### MATERIAL PROVIDED
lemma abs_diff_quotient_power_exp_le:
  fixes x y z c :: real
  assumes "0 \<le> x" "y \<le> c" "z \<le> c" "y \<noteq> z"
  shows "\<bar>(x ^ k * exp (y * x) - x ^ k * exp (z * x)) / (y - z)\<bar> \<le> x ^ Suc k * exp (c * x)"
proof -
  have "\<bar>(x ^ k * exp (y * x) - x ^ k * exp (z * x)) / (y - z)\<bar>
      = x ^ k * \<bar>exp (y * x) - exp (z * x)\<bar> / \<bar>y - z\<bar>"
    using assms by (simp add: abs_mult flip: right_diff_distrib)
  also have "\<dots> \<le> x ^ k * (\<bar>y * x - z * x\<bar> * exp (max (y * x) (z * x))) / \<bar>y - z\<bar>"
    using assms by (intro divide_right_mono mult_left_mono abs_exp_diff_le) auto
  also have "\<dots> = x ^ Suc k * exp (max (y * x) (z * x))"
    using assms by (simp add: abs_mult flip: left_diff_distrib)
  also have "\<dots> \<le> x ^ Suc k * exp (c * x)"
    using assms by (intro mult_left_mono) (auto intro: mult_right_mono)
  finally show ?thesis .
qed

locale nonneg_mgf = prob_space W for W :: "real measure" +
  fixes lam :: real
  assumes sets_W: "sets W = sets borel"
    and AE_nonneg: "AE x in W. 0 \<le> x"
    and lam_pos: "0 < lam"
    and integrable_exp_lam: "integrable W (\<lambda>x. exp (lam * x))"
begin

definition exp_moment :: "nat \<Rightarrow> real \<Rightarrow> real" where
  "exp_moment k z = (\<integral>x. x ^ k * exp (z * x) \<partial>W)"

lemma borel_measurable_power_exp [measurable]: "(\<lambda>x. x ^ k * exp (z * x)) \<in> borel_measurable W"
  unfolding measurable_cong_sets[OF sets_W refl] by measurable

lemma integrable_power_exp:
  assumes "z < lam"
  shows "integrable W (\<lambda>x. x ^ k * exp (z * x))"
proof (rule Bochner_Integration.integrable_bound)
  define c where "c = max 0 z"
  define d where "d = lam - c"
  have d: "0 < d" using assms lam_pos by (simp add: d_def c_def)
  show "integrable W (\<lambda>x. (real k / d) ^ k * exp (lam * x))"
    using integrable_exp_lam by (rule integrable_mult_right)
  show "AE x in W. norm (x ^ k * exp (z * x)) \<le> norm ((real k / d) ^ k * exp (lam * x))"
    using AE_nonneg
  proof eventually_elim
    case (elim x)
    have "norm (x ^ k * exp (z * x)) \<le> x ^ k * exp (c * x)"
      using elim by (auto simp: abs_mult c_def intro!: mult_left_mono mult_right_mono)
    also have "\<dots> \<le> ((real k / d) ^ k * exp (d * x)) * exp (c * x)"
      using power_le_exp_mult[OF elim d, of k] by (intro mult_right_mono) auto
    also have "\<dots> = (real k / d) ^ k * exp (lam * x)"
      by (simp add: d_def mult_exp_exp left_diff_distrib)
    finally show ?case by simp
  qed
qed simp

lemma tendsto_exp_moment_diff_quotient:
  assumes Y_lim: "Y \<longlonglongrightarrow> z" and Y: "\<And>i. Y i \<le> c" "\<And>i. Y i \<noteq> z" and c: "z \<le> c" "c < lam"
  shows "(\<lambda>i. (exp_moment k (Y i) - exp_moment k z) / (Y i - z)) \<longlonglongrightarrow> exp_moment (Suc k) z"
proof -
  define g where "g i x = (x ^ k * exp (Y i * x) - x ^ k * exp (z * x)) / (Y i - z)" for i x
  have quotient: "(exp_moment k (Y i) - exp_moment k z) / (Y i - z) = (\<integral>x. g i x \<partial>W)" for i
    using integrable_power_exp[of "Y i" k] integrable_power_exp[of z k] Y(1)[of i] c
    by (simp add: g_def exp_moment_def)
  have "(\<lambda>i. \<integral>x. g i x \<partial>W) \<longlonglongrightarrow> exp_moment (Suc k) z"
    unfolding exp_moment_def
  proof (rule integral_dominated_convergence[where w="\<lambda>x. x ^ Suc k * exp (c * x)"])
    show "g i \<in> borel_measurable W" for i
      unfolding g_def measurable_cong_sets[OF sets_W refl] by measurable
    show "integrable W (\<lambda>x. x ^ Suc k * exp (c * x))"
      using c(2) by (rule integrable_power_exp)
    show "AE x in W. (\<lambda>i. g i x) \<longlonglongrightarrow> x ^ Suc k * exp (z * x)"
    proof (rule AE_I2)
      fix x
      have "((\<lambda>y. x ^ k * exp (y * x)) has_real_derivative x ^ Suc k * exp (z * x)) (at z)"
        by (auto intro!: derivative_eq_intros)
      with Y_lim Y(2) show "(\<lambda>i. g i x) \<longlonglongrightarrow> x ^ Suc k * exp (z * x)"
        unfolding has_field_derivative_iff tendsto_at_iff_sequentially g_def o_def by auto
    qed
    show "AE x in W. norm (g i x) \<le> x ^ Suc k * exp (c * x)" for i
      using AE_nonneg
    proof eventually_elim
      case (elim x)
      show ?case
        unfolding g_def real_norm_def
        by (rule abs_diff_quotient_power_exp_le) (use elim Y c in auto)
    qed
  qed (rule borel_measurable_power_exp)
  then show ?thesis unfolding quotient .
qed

### TRY IT
In the data above, repeat exactly each line from the first through the line that contains "k * (\<bar>y", and give nothing else.

### PROBLEM SOLUTION
lemma abs_diff_quotient_power_exp_le:
  fixes x y z c :: real
  assumes "0 \<le> x" "y \<le> c" "z \<le> c" "y \<noteq> z"
  shows "\<bar>(x ^ k * exp (y * x) - x ^ k * exp (z * x)) / (y - z)\<bar> \<le> x ^ Suc k * exp (c * x)"
proof -
  have "\<bar>(x ^ k * exp (y * x) - x ^ k * exp (z * x)) / (y - z)\<bar>
      = x ^ k * \<bar>exp (y * x) - exp (z * x)\<bar> / \<bar>y - z\<bar>"
    using assms by (simp add: abs_mult flip: right_diff_distrib)
  also have "\<dots> \<le> x ^ k * (\<bar>y * x - z * x\<bar> * exp (max (y * x) (z * x))) / \<bar>y - z\<bar>"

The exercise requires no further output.